Möglichkeit 2 wäre natürlich Kabel legen, am einfachsten mit ner Kabeltrommel die die Telefondose quasi verlängert. Ich muss aber über bzw durch 3 Türen, bohren will ich nicht und platz um das Kabel zwischen Rahmen und Wand zu verstecken ist auch nicht. das ganze mit Kabelschellen aussenrumlegen...naja. Eher nicht.
Bleibt noch DLAN ...halt die teuerste Lösung.

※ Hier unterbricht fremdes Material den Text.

lemma expectation_ge_of_birkhoff_max:
  assumes h [measurable]: "h \<in> borel_measurable M" and b: "\<And>x. \<bar>h x\<bar> \<le> b"
  shows "- b * (1 - prob {x \<in> space M. 0 < birkhoff_max T h n x}) \<le> expectation h"
proof -
  let ?P = "{x \<in> space M. 0 < birkhoff_max T h n x}"
  have "0 \<le> b" using abs_ge_zero[of "h undefined"] b[of undefined] by linarith
  then have int_hP: "integrable M (\<lambda>x. h x * indicator ?P x)"
    by (intro integrable_const_bound[where B=b]) (auto simp: indicator_def b)
  have int_Q: "integrable M (\<lambda>x. b * indicator (space M - ?P) x)"
    by (rule integrable_const_bound[where B="\<bar>b\<bar>"]) (auto simp: indicator_def)
  have int_h: "integrable M h"
    by (rule integrable_const_bound[where B=b]) (auto simp: b)
  have "(\<integral>x. h x * indicator ?P x - b * indicator (space M - ?P) x \<partial>M) \<le> expectation h"
    using b by (intro integral_mono Bochner_Integration.integrable_diff int_hP int_Q int_h)
      (auto simp: indicator_def abs_le_iff minus_le_iff)
  moreover have "(\<integral>x. h x * indicator ?P x - b * indicator (space M - ?P) x \<partial>M)
      = (\<integral>x. h x * indicator ?P x \<partial>M) - b * prob (space M - ?P)"
    using Bochner_Integration.integral_diff[OF int_hP int_Q] by simp
  moreover have "prob (space M - ?P) = 1 - prob ?P" by (rule prob_compl) simp
  ultimately show ?thesis using maximal_ergodic_inequality[OF h b, of n] by simp
qed

end

locale ergodic_prob_mpt = prob_mpt +
  assumes invariant_prob_trivial:
    "A \<in> sets M \<Longrightarrow> T -` A \<inter> space M = A \<Longrightarrow> prob A = 0 \<or> prob A = 1"
begin

text \<open>If the orbits with unbounded sums had full measure, the sets where the maximal sums are
  positive would exhaust the space, and the maximal inequality would force \<open>expectation h \<ge> 0\<close>.\<close>

lemma AE_bdd_above_birkhoff_sum:
  assumes h [measurable]: "h \<in> borel_measurable M" and b: "\<And>x. \<bar>h x\<bar> \<le> b"
    and neg: "expectation h < 0"
  shows "AE x in M. bdd_above (range (\<lambda>n. birkhoff_sum T h n x))"
proof -
  define U where "U = {x \<in> space M. \<not> bdd_above (range (\<lambda>n. birkhoff_sum T h n x))}"
  have U_eq: "U = space M - {x \<in> space M. bdd_above (range (\<lambda>n. birkhoff_sum T h n x))}"
    unfolding U_def by blast
  have U_sets [measurable]: "U \<in> sets M" unfolding U_eq by measurable
  have "T -` U \<inter> space M = U"
    unfolding U_def using T_space bdd_above_birkhoff_sum_shift[of T h] by auto
  then have "prob U = 0 \<or> prob U = 1" by (rule invariant_prob_trivial[OF U_sets])
  moreover have "prob U \<noteq> 1"
  proof
    assume U1: "prob U = 1"
    define P where "P n = {x \<in> space M. 0 < birkhoff_max T h n x}" for n
    have "P n \<in> sets M" for n unfolding P_def by measurable
    then have P_sets: "range P \<subseteq> sets M" by blast
    have "incseq P"
      unfolding incseq_def P_def using birkhoff_max_mono by (fastforce intro: less_le_trans)
    have "U \<subseteq> (\<Union>n. P n)"
    proof
      fix x assume "x \<in> U"
      then obtain n where "0 < birkhoff_sum T h n x" "x \<in> space M"
        unfolding U_def bdd_above_def by (force simp: not_le)
      then show "x \<in> (\<Union>n. P n)"
        unfolding P_def using birkhoff_sum_le_max[of n n T h x] by (auto intro: less_le_trans)
    qed
    then have "prob (\<Union>n. P n) = 1"
      using U1 finite_measure_mono[of U "\<Union>n. P n"] prob_le_1[of "\<Union>n. P n"] P_sets
      by (auto intro: antisym)
    then have "(\<lambda>n. prob (P n)) \<longlonglongrightarrow> 1"
      using finite_Lim_measure_incseq[OF P_sets \<open>incseq P\<close>] by simp
    then have "(\<lambda>n. - b * (1 - prob (P n))) \<longlonglongrightarrow> - b * (1 - 1)"
      by (intro tendsto_intros)
    then have "0 \<le> expectation h"
      using expectation_ge_of_birkhoff_max[OF h b] unfolding P_def
      by (intro LIMSEQ_le_const2[of _ _ "expectation h"]) auto
    then show False using neg by simp
  qed
  ultimately have "U \<in> null_sets M" using U_sets by (simp add: null_setsI emeasure_eq_measure)
  then show ?thesis by (rule AE_I') (auto simp: U_def)
qed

Denke aber da wirds drauf hinauslaufen...PC und Xbox über WLan, der BR über den DLAN Adapter..
Alternativ ginge ja auch ein zweiter Router im Wohnzimmer in den ich dann alles per Lan anschließ aber nicht die eleganteste Lösung :x.

Ratschläge bitte   (speziell Erfahrungen mit dem heutigen DLAN erwünscht, ich hatte das mal vor 10 Jahren, da hat sich ja sicher was geändert im Bereich Übertragung und Stabilität).


----------



## Herbboy (13. Oktober 2015)

Wie teuer wird denn DLAN? Denn soo billig wäre ja auch Kabelverlegen nicht    und es muss doch an sich nur der BD-Player ans Netz, oder?  Also, wie wäre es mit einem BD-Player mit WLAN? Die gibt es ja schon zwischen 60 und 100 Euro. Oder hast du nen besonders guten Player, den du aus Qualitätsgründen ungern durch ein neues nicht so teures Gerät ersetzen willst?

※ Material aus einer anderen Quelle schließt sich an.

lemma null_sets_samples_close:
  assumes small: "\<And>e. 0 < e \<Longrightarrow> \<exists>r>0. \<forall>x\<in>X. measure N {y \<in> X. dist y x < r} \<le> e"
    and r: "r \<longlonglongrightarrow> 0" and j: "\<And>m. J < j m"
  shows "{w \<in> space samples. \<forall>m. \<exists>i\<le>J. dist (w (j m)) (w i) < r m} \<in> null_sets samples"
    (is "?Z \<in> _")
proof -
  interpret S: prob_space samples
    by (rule prob_space_samples)
  have Z: "?Z \<in> sets samples"
    by measurable
  have "measure samples ?Z \<le> e" if "0 < e" for e
  proof -
    define e' where "e' = e / (real J + 1)"
    obtain \<rho> where "0 < \<rho>" and \<rho>: "\<forall>x\<in>X. measure N {y \<in> X. dist y x < \<rho>} \<le> e'"
      using small[of e'] \<open>0 < e\<close> by (auto simp: e'_def)
    obtain m where "r m < \<rho>"
      using order_tendstoD(2)[OF r \<open>0 < \<rho>\<close>] by (auto simp: eventually_sequentially)
    let ?C = "\<lambda>i. {w \<in> space samples. dist (w (j m)) (w i) < \<rho>}"
    have "?Z \<subseteq> (\<Union>i\<in>{..J}. ?C i)"
    proof
      fix w assume "w \<in> ?Z"
      then obtain i where "i \<le> J" "dist (w (j m)) (w i) < r m" "w \<in> space samples"
        by blast
      then show "w \<in> (\<Union>i\<in>{..J}. ?C i)"
        using \<open>r m < \<rho>\<close> by (intro UN_I[of i]) auto
    qed
    then have "measure samples ?Z \<le> measure samples (\<Union>i\<in>{..J}. ?C i)"
      by (intro S.finite_measure_mono) measurable
    also have "\<dots> \<le> (\<Sum>i\<in>{..J}. measure samples (?C i))"
      by (rule measure_UNION_le) (auto, measurable)
    also have "\<dots> \<le> (\<Sum>i\<in>{..J}. e')"
      using j[of m] \<rho> by (intro sum_mono measure_samples_close_le) auto
    also have "\<dots> = e"
      by (simp add: e'_def field_simps)
    finally show ?thesis .
  qed
  then have "measure samples ?Z = 0"
    by (meson dense_le linorder_not_le measure_nonneg order_antisym)
  then show ?thesis
    using Z by (auto simp: S.emeasure_eq_measure)
qed

lemma measure_samples_all_in:
  assumes A: "A \<in> sets N" and I: "finite I"
  shows "measure samples {w \<in> space samples. \<forall>i\<in>I. w i \<in> A} = measure N A ^ card I"
proof -
  have "{w \<in> space samples. \<forall>i\<in>I. w i \<in> A} = prod_emb UNIV (\<lambda>_. N) I (Pi\<^sub>E I (\<lambda>_. A))"
    by (auto simp: prod_emb_def PiE_iff space_PiM)
  then have "emeasure samples {w \<in> space samples. \<forall>i\<in>I. w i \<in> A} = ennreal (measure N A) ^ card I"
    using A I by (simp add: emeasure_samples_prod_emb emeasure_eq_measure)
  then show ?thesis
    by (simp add: measure_def ennreal_power)
qed

end

section \<open>Vanishing regret\<close>

locale ecp_setting = iid_sampling N X for N :: "'a::euclidean_space measure" and X +
  fixes f :: "'a \<Rightarrow> real" and k K e1 C t0 :: real and tau :: "nat \<Rightarrow> real"
  assumes f_borel: "f \<in> borel_measurable N"
    and lip: "lip_on X k f" and f_bound: "\<forall>x\<in>X. \<bar>f x\<bar> \<le> K"
    and e1: "0 < e1" and C: "0 \<le> C" and t0: "1 < t0" and tau: "\<And>n. t0 \<le> tau n"
    and small_balls: "\<And>e. 0 < e \<Longrightarrow> \<exists>r>0. \<forall>x\<in>X. measure N {y \<in> X. dist y x < r} \<le> e"
    and near_max_pos: "\<And>\<delta>. 0 < \<delta> \<Longrightarrow> 0 < measure N {x \<in> X. Sup (f ` X) - \<delta> < f x}"
begin

lemma tau_ge_1: "1 \<le> tau n"
  using tau[of n] t0 by linarith

definition eps_threshold :: "real \<Rightarrow> nat" where
  "eps_threshold R = (SOME T. \<forall>n w j. T \<le> j \<longrightarrow> cnt (ecp_run X f n (tau n) e1 C w j) < n
     \<longrightarrow> R \<le> eps (ecp_run X f n (tau n) e1 C w j))"

lemma eps_ge_if_eps_threshold_le:
  assumes "eps_threshold R \<le> j" "cnt (ecp_run X f n (tau n) e1 C w j) < n"
  shows "R \<le> eps (ecp_run X f n (tau n) e1 C w j)"
proof -
  obtain T where "\<forall>n tau w j. t0 \<le> tau \<longrightarrow> T \<le> j \<longrightarrow> cnt (ecp_run X f n tau e1 C w j) < n
      \<longrightarrow> R \<le> eps (ecp_run X f n tau e1 C w j)"
    using eps_ecp_run_unbounded[OF C t0 e1] by blast
  then have "\<forall>n w j. T \<le> j \<longrightarrow> cnt (ecp_run X f n (tau n) e1 C w j) < n
      \<longrightarrow> R \<le> eps (ecp_run X f n (tau n) e1 C w j)"
    using tau by simp
  then have "\<forall>n w j. eps_threshold R \<le> j \<longrightarrow> cnt (ecp_run X f n (tau n) e1 C w j) < n
      \<longrightarrow> R \<le> eps (ecp_run X f n (tau n) e1 C w j)"
    unfolding eps_threshold_def by (rule someI)
  then show ?thesis
    using assms by blast
qed

definition late_sample :: "nat \<Rightarrow> nat \<Rightarrow> nat" where
  "late_sample J m = Suc (max J (eps_threshold (real (Suc m))))"

lemma stalled_ecp_run_late_samples_close:
  assumes w: "w \<in> space samples" and stall: "\<forall>j. cnt (ecp_run X f n (tau n) e1 C w j) < n"
  obtains J where "\<forall>m. \<exists>i\<le>J. dist (w (late_sample J m)) (w i) < 2 * K / real (Suc m)"
proof -
  have "range w \<subseteq> X"
    using space_samples_in[OF w] by auto
  then obtain J where close:
    "\<And>j. J \<le> j \<Longrightarrow> \<exists>i\<le>J. eps (ecp_run X f n (tau n) e1 C w j) * dist (w (Suc j)) (w i) < 2 * K"
    using stalled_ecp_run_candidates_close[OF stall f_bound _ tau_ge_1 e1] by blast
  have "\<exists>i\<le>J. dist (w (late_sample J m)) (w i) < 2 * K / real (Suc m)" for m
  proof -
    define j where "j = max J (eps_threshold (real (Suc m)))"
    obtain i where i: "i \<le> J" "eps (ecp_run X f n (tau n) e1 C w j) * dist (w (Suc j)) (w i) < 2 * K"
      using close[of j] by (auto simp: j_def)
    have "real (Suc m) \<le> eps (ecp_run X f n (tau n) e1 C w j)"
      using stall by (intro eps_ge_if_eps_threshold_le) (auto simp: j_def)
    then have "real (Suc m) * dist (w (Suc j)) (w i) < 2 * K"
      using i(2) by (smt (verit) mult_right_mono zero_le_dist)
    then have "dist (w (Suc j)) (w i) < 2 * K / real (Suc m)"
      by (simp add: field_simps)
    moreover have "late_sample J m = Suc j"
      by (simp add: late_sample_def j_def)
    ultimately show ?thesis
      using i(1) by auto
  qed
  then show ?thesis
    using that by blast
qed

lemma AE_ecp_run_stops: "AE w in samples. \<forall>n. \<exists>j. n \<le> cnt (ecp_run X f n (tau n) e1 C w j)"
proof -
  define Z where
    "Z J = {w \<in> space samples. \<forall>m. \<exists>i\<le>J. dist (w (late_sample J m)) (w i) < 2 * K / real (Suc m)}" for J
  have "Z J \<in> null_sets samples" for J
    unfolding Z_def
  proof (rule null_sets_samples_close[OF small_balls])
    show "(\<lambda>m. 2 * K / real (Suc m)) \<longlonglongrightarrow> 0"
      using LIMSEQ_Suc[OF lim_const_over_n] by simp
    show "J < late_sample J m" for m
      by (simp add: late_sample_def)
  qed
  then have "(\<Union>J. Z J) \<in> null_sets samples"
    by (rule null_sets_UN)
  moreover have "{w \<in> space samples. \<not> (\<forall>n. \<exists>j. n \<le> cnt (ecp_run X f n (tau n) e1 C w j))} \<subseteq> (\<Union>J. Z J)"
  proof
    fix w assume "w \<in> {w \<in> space samples. \<not> (\<forall>n. \<exists>j. n \<le> cnt (ecp_run X f n (tau n) e1 C w j))}"
    then obtain n where w: "w \<in> space samples" and stall: "\<forall>j. cnt (ecp_run X f n (tau n) e1 C w j) < n"
      by (auto simp: not_le)
    obtain J where "\<forall>m. \<exists>i\<le>J. dist (w (late_sample J m)) (w i) < 2 * K / real (Suc m)"
      using stalled_ecp_run_late_samples_close[OF w stall] .
    then show "w \<in> (\<Union>J. Z J)"
      using w by (auto simp: Z_def)
  qed
  ultimately show ?thesis
    by (rule AE_I')
qed

lemma bdd_above_f: "bdd_above (f ` X)"
  using f_bound by (intro bdd_aboveI[of _ K]) (auto simp: abs_le_iff)

lemma large_ecp_regret_imp_samples_below:
  assumes w: "w \<in> space samples" and stop: "n \<le> cnt (ecp_run X f n (tau n) e1 C w J)"
    and regret: "\<delta> < \<bar>ecp_regret X f n (tau n) e1 C w\<bar>" and j: "eps_threshold k < j" "j < n"
  shows "f (w j) \<le> Sup (f ` X) - \<delta>"
proof -
  obtain j' where j': "j = Suc j'" "eps_threshold k \<le> j'"
    using j(1) by (cases j) auto
  have range: "range w \<subseteq> X"
    using space_samples_in[OF w] by auto
  have "cnt (ecp_run X f n (tau n) e1 C w j') < n"
    using cnt_ecp_run_le[of X f n "tau n" e1 C w j'] j j' by linarith
  then have "k \<le> eps (ecp_run X f n (tau n) e1 C w j')"
    using j'(2) by (rule eps_ge_if_eps_threshold_le[rotated])
  then have "f (w j) \<le> Max (f ` set (ecp_points X f n (tau n) e1 C w))"
    using candidate_le_Max_ecp_points[OF lip range tau_ge_1 e1 stop] j j' by simp
  moreover have "Max (f ` set (ecp_points X f n (tau n) e1 C w)) \<le> Sup (f ` X)"
    by (rule Max_ecp_points_le_Sup[OF range bdd_above_f])
  ultimately show ?thesis
    using regret by (simp add: ecp_regret_def)
qed

lemma measure_large_ecp_regret_le:
  "measure samples {w \<in> space samples. \<delta> < \<bar>ecp_regret X f n (tau n) e1 C w\<bar>}
    \<le> measure N {x \<in> X. f x \<le> Sup (f ` X) - \<delta>} ^ (n - Suc (eps_threshold k))"
proof -
  interpret S: prob_space samples
    by (rule prob_space_samples)
  define n0 where "n0 = Suc (eps_threshold k)"
  define far where "far = {x \<in> X. f x \<le> Sup (f ` X) - \<delta>}"
  have "{x \<in> space N. f x \<le> Sup (f ` X) - \<delta>} \<in> sets N"
    using f_borel by measurable
  then have far: "far \<in> sets N"
    by (simp add: far_def space_N)
  then have far_samples: "{w \<in> space samples. \<forall>j\<in>{n0..<n}. w j \<in> far} \<in> sets samples"
    by measurable
  have "AE w in samples. w \<in> {w \<in> space samples. \<delta> < \<bar>ecp_regret X f n (tau n) e1 C w\<bar>}
      \<longrightarrow> w \<in> {w \<in> space samples. \<forall>j\<in>{n0..<n}. w j \<in> far}"
    using AE_ecp_run_stops
  proof eventually_elim
    case (elim w)
    show ?case
    proof
      assume "w \<in> {w \<in> space samples. \<delta> < \<bar>ecp_regret X f n (tau n) e1 C w\<bar>}"
      then have w: "w \<in> space samples" and regret: "\<delta> < \<bar>ecp_regret X f n (tau n) e1 C w\<bar>"
        by auto
      obtain J where stop: "n \<le> cnt (ecp_run X f n (tau n) e1 C w J)"
        using elim by blast
      have "f (w j) \<le> Sup (f ` X) - \<delta>" if "j \<in> {n0..<n}" for j
        using that by (intro large_ecp_regret_imp_samples_below[OF w stop regret]) (auto simp: n0_def)
      then show "w \<in> {w \<in> space samples. \<forall>j\<in>{n0..<n}. w j \<in> far}"
        using w space_samples_in[OF w] by (auto simp: far_def)
    qed
  qed
  then have "measure samples {w \<in> space samples. \<delta> < \<bar>ecp_regret X f n (tau n) e1 C w\<bar>}
      \<le> measure samples {w \<in> space samples. \<forall>j\<in>{n0..<n}. w j \<in> far}"
    by (rule S.finite_measure_mono_AE) (rule far_samples)
  also have "\<dots> = measure N far ^ (n - n0)"
    using measure_samples_all_in[OF far finite_atLeastLessThan] by simp
  finally show ?thesis
    by (simp add: far_def n0_def)
qed

theorem large_ecp_regret_tendsto_0:
  assumes "0 < \<delta>"
  shows "(\<lambda>n. measure samples {w \<in> space samples. \<delta> < \<bar>ecp_regret X f n (tau n) e1 C w\<bar>}) \<longlonglongrightarrow> 0"
proof -
  define n0 where "n0 = Suc (eps_threshold k)"
  define q where "q = measure N {x \<in> X. f x \<le> Sup (f ` X) - \<delta>}"
  have "{x \<in> space N. Sup (f ` X) - \<delta> < f x} \<in> sets N"
    using f_borel by measurable
  moreover have "{x \<in> X. f x \<le> Sup (f ` X) - \<delta>} = space N - {x \<in> space N. Sup (f ` X) - \<delta> < f x}"
    by (auto simp: space_N)
  ultimately have "q = 1 - measure N {x \<in> X. Sup (f ` X) - \<delta> < f x}"
    using prob_compl by (simp add: q_def space_N)
  then have q: "0 \<le> q" "q < 1"
    using near_max_pos[OF \<open>0 < \<delta>\<close>] by (auto simp: q_def)
  have lim: "(\<lambda>n. q ^ (n - n0)) \<longlonglongrightarrow> 0"
  proof (rule LIMSEQ_offset[where k = n0])
    show "(\<lambda>n. q ^ (n + n0 - n0)) \<longlonglongrightarrow> 0"
      using LIMSEQ_power_zero[of q] q by simp
  qed
  show ?thesis
    by (rule tendsto_sandwich[OF always_eventually always_eventually tendsto_const lim])
      (auto simp: q_def n0_def measure_large_ecp_regret_le)
qed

vlt. kannst du dich ja auch mal informieren, ob man nicht doch durch einen vorhandenen Kabelschacht auch LAN verlegen kann?


----------



## DocHN83 (13. Oktober 2015)

Also wenn DLAN hab ich dafür an sowas gedacht http://www.amazon.de/TP-Link-TL-PA4...1?ie=UTF8&qid=1444761467&sr=8-1&keywords=dlan

Die integrierte Steckdose brauch ich da im Flur bei der Telefondose nur eine Steckdose ist und die brauch ich ja für den Router. Den Adapter über nen Mehrfachstecker laufen lassen geht ja aufkosten der Übertragungsrate nehm ich an...Und wenn schon dann gleich mit 2 Ports, dann kann ich Blue Ray Player UND PC über Lan anschließen, WÄREN nur 4 Euro Unterschied. Sind dann halt aber mal eben 46 Lappen...Was bräuchste ich denn für nen für nen zweiten Router, würde da irgendein Pobelteil das N-Standart unterstützt reichen ?
Verkabeln wäre mit so nem Teil halt Hama Telefonkabeltrommel, TAE-F-Stecker - 2: Amazon.de: Elektronik sehr preisgünstig...

Vorhandener Kabelschacht glaub ich eher weniger...

Den Blue Ray Player will ich nicht ersetzen, wäre die teuerste Methode, und ich hab nen recht guten 3D fähigen, der dazu noch n Geschenk war, das würde Ärger geben


----------



## Herbboy (13. Oktober 2015)

Mit dem Telefonkabel kannst du doch aber kein LAN machen ^^  Oder wolltest du einfach den kompletten Telefonanschluss dahinverlegen, also dass dann im "Zielzimmer" überhaupt zum ersten mal der Router ans Telefonnetz käm?

Ich würde dann eher mal DLAN ausprobieren. Entweder es klappt gut oder eben nicht, das muss man halt erst testen, hängt zum großen Teil von den Leitungen im Haus ab. Da, wo das Signal dann ankommt, brauchst du nicht mal einen Router, sondern nur einen Switch. Die kosten selbst mit gbit-LAN (falls das denn das DLAN überhaupt schafft) nur so 15-20€ mit 4-5 Anschlüssen. 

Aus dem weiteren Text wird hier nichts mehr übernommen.